© JUNGE FREIHEIT Verlag GmbH & Co. www.jungefreiheit.de 46/06 10. November 2006

Kolumne
Ähnliches und Unähnliches
Klaus Motschmann

Der türkische Botschafter in Deutschland hat vor kurzem anläßlich eines Besuches des türkischen Gemeindezentrums Berlin und in Anwesenheit von Vizekanzler Müntefering einen bemerkenswerten Appell an die Verantwortlichen in Politik und Gesellschaft gerichtet: Sie sollten bei den Bemühungen um die Integration seiner Landsleute Abstand von Zwangsmaßnahmen nehmen und damit aufhören, "den Islam nach ihren eigenen Vorstellungen zu gestalten".

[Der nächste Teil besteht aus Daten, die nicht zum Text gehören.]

(* Let $\alpha$ be a countable ordinal and let $P\in\mathbb{J}_\alpha$. If $P$ is embeddable in $[\omega]^{<\omega}$ by a map preserving finite joins, then there is a sierpinskisation $S$ of $\alpha$ and $\omega$ such that $I_{<\omega}(S)\in\mathbb{J}_\alpha$ and $I_{<\omega}(S)$ is embeddable in $P$ by a map preserving finite joins.
   Context: $\mathbb{J}_\alpha$ is the class of join-semilattices $P$ with a least element such that the lattice $J(P)$ of ideals (non-empty up-directed initial segments, ordered by inclusion) of $P$ contains a chain of order type $I(\alpha)$, the type of the chain of all initial segments of a chain of type $\alpha$. $[\omega]^{<\omega}$ is the set of finite subsets of $\mathbb{N}$ ordered by inclusion. A sierpinskisation of $\alpha$ and $\omega$ is a poset whose order is the intersection of two linear orders on its underlying set, one of type $\alpha$ and one of type $\omega$. $I_{<\omega}(S)$ is the set of finitely generated initial segments of $S$ ordered by inclusion. A map preserves finite joins if $f(\bigvee X)=\bigvee f(X)$ for every finite $X$ (including $X=\emptyset$). *)

theory Defs
  imports Main "HOL-Library.Countable_Set"
begin

text \<open>Posets are represented as relations; the carrier is the Field.\<close>

definition ord_iso :: "'a rel \<Rightarrow> 'b rel \<Rightarrow> bool" where
  "ord_iso r s \<longleftrightarrow> (\<exists>f. bij_betw f (Field r) (Field s) \<and>
     (\<forall>a\<in>Field r. \<forall>b\<in>Field r. (a,b) \<in> r \<longleftrightarrow> (f a, f b) \<in> s))"

definition incl_rel :: "'a set set \<Rightarrow> 'a set rel" where
  "incl_rel A = {(X,Y). X \<in> A \<and> Y \<in> A \<and> X \<subseteq> Y}"

definition is_lub :: "'a rel \<Rightarrow> 'a set \<Rightarrow> 'a \<Rightarrow> bool" where
  "is_lub P X x \<longleftrightarrow> x \<in> Field P \<and> (\<forall>y\<in>X. (y,x) \<in> P) \<and>
     (\<forall>z\<in>Field P. (\<forall>y\<in>X. (y,z) \<in> P) \<longrightarrow> (x,z) \<in> P)"

definition join_semilattice_bot :: "'a rel \<Rightarrow> bool" where
  "join_semilattice_bot P \<longleftrightarrow> Partial_order P \<and>
     (\<exists>b\<in>Field P. \<forall>x\<in>Field P. (b,x) \<in> P) \<and>
     (\<forall>x\<in>Field P. \<forall>y\<in>Field P. \<exists>z. is_lub P {x,y} z)"

definition ideals :: "'a rel \<Rightarrow> 'a set set" where
  "ideals P = {I. I \<subseteq> Field P \<and> I \<noteq> {} \<and>
     (\<forall>x\<in>I. \<forall>y. (y,x) \<in> P \<longrightarrow> y \<in> I) \<and>
     (\<forall>x\<in>I. \<forall>y\<in>I. \<exists>z\<in>I. (x,z) \<in> P \<and> (y,z) \<in> P)}"

definition init_segs :: "'a rel \<Rightarrow> 'a set set" where
  "init_segs r = {X. X \<subseteq> Field r \<and> (\<forall>x\<in>X. \<forall>y. (y,x) \<in> r \<longrightarrow> y \<in> X)}"

text \<open>The class J_alpha, alpha given by a well-order r.\<close>
definition J_alpha :: "'a rel \<Rightarrow> 'p rel \<Rightarrow> bool" where
  "J_alpha r P \<longleftrightarrow> join_semilattice_bot P \<and>
     (\<exists>C \<subseteq> ideals P. ord_iso (incl_rel C) (incl_rel (init_segs r)))"

text \<open>Order embedding preserving finite joins (including the empty join).\<close>
definition join_emb :: "'a rel \<Rightarrow> 'b rel \<Rightarrow> ('a \<Rightarrow> 'b) \<Rightarrow> bool" where
  "join_emb P Q f \<longleftrightarrow> f ` Field P \<subseteq> Field Q \<and>
     (\<forall>x\<in>Field P. \<forall>y\<in>Field P. (x,y) \<in> P \<longleftrightarrow> (f x, f y) \<in> Q) \<and>
     (\<forall>X x. finite X \<and> X \<subseteq> Field P \<and> is_lub P X x \<longrightarrow> is_lub Q (f ` X) (f x))"

definition fin_subsets_nat :: "nat set rel" where
  "fin_subsets_nat = incl_rel {X. finite X}"

definition omega_rel :: "nat rel" where
  "omega_rel = {(x,y). x \<le> y}"

definition sierpinskisation :: "'a rel \<Rightarrow> 's rel \<Rightarrow> bool" where
  "sierpinskisation r S \<longleftrightarrow> (\<exists>L1 L2. Linear_order L1 \<and> Linear_order L2 \<and>
     Field L1 = Field L2 \<and> S = L1 \<inter> L2 \<and> ord_iso L1 r \<and> ord_iso L2 omega_rel)"

definition fg_init_segs :: "'s rel \<Rightarrow> 's set rel" where
  "fg_init_segs S = incl_rel {{y \<in> Field S. \<exists>x\<in>F. (y,x) \<in> S} | F. finite F \<and> F \<subseteq> Field S}"

end

theory Submission
  imports Defs "HOL-Library.Nat_Bijection"
begin
lemma prime_idealI_extensions_meet:
  assumes R: "subring R" and Q: "ideal_of R Q" and S: "mult_subset S R" and QS: "Q \<inter> S = {}"
    and ext: "\<And>x. x \<in> R \<Longrightarrow> x \<notin> Q \<Longrightarrow> \<exists>q\<in>Q. \<exists>r\<in>R. q + x * r \<in> S"
  shows "prime_ideal_of R Q"
proof -
  have "a \<in> Q \<or> b \<in> Q" if ab: "a \<in> R" "b \<in> R" "a * b \<in> Q" for a b
  proof (rule ccontr)
    assume "\<not> (a \<in> Q \<or> b \<in> Q)"
    then obtain q1 t1 q2 t2 where q: "q1 \<in> Q" "t1 \<in> R" "q1 + a * t1 \<in> S" "q2 \<in> Q" "t2 \<in> R" "q2 + b * t2 \<in> S"
      using ext[OF ab(1)] ext[OF ab(2)] by blast
    have "(q1 + a * t1) * (q2 + b * t2) = (q2 + b * t2) * q1 + (a * t1) * q2 + (t1 * t2) * (a * b)"
      by (simp add: algebra_simps)
    moreover have "q2 + b * t2 \<in> R" "a * t1 \<in> R" "t1 * t2 \<in> R"
      using q(6) mult_subsetD(1)[OF S] subringD(5)[OF R] ab q(2,5) by auto
    then have "(q2 + b * t2) * q1 + (a * t1) * q2 + (t1 * t2) * (a * b) \<in> Q"
      using q(1,4) ab(3) idealD(3,4)[OF Q] by simp
    moreover have "(q1 + a * t1) * (q2 + b * t2) \<in> S" using mult_subsetD(4)[OF S q(3,6)] .
    ultimately show False using QS by auto
  qed
  moreover have "Q \<noteq> R" using QS mult_subsetD(1,2)[OF S] by blast
  ultimately show ?thesis unfolding prime_ideal_of_def using Q by simp
qed
text \<open>
  Read off the coefficient of t^n in the product of (1+t)^x, (t/((1+t) log(1+t)))^r and
  Lif_k(-log(1+t)) as a triple Cauchy product. The coefficients of (1+t)^x are falling factorials
  divided by factorials, hence Stirling numbers of the first kind, and those of the last factor are
  poly-Cauchy numbers. The essential input is Norlund's identity
  [t^n] t/((1+t) log(1+t)) = B_n^(n) / n!: the substitution t = e^s - 1 turns
  t/((1+t) log(1+t)) dt into (e^s - 1)/s ds, and the Lagrange change of variables
  [t^n] H(t) = [s^n] H(u(s)) u'(s) (s/u(s))^(n+1) then yields [s^n] (s/(e^s - 1))^n.
  The r-th power of a series is a sum over weak compositions into r parts, which supplies the
  multinomial coefficients.
\<close>

definition weak_compositions :: "'a set \<Rightarrow> nat \<Rightarrow> ('a \<Rightarrow> nat) set" where
  "weak_compositions I m = {f \<in> I \<rightarrow>\<^sub>E {0..m}. sum f I = m}"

Dieser Appell hat in der türkischen Presse ein breites und positives Echo ausgelöst. Tatsächlich hat der Botschafter ein zentrales Problem unserer Asyl- und Innenpolitik angesprochen und einen Anstoß zur Erinnerung an einige einstmals selbstverständliche Grundsätze unseres Verfassungs- und Rechtsverständnisses gegeben. Die öffentlichen Auseinandersetzungen auf wichtigen Feldern unserer Politik werden offenkundig in zunehmendem Maße von den Bemühungen um die Entwicklung gemeinsamer "Werte" bestimmt, in manchen Bereichen bereits diktiert. Europa soll sich als eine "Wertegemeinschaft" verstehen; die Bundeswehr soll durch ihre Auslandseinsätze gemeinsame Werte verteidigen; die Integration von Hunderttausenden Ausländern soll nach Maßgabe eines gemeinsamen "Wertekanons" erfolgen usw. usf. Dazu gehört dann die Betonung von Gemeinsamkeiten wie Toleranz, Respekt vor anderen Wertvorstellungen und Anerkennung der in einer multikulturellen Gesellschaft vertretenen Moralvorstellungen. Dazu gehört aber auch - und davon wird in der Regel kaum gesprochen! - die Unterscheidung, ja die Feststellung der Unvereinbarkeit bestimmter Werte, etwa der christlichen, islamischen, sozialistischen oder liberalistischen. Das Wesentliche einer Rechtsordnung, einer Religion oder einer Ideologie läßt sich jedoch nicht an dem Ausmaß der Gemeinsamkeiten, sondern an der Qualität der Unterschiede erfassen, die sich zum Teil über die Jahrhunderte erhalten haben. Wer sie verschweigt oder nach eigenen Vorstellungen umdeutet, setzt sich dem Verdacht der Täuschung aus. Wer das nicht will, wird deshalb einen zeitlosen Ratschlag Sokrates' beachten müssen: "Wer einen anderen täuschen will, ohne dabei selbst getäuscht zu werden, muß die Ähnlichkeiten der Dinge und ihre Unähnlichkeiten genau auseinanderhalten."

Über die vermeintlichen Ähnlichkeiten von Christentum und Islam sind wir inzwischen hinreichend informiert. Über die Unähnlichkeiten hingegen noch nicht. Warum nicht?

 

Prof. Dr. Klaus Motschmann lehrte Politikwissenschaften an der Hochschule der Künste Berlin.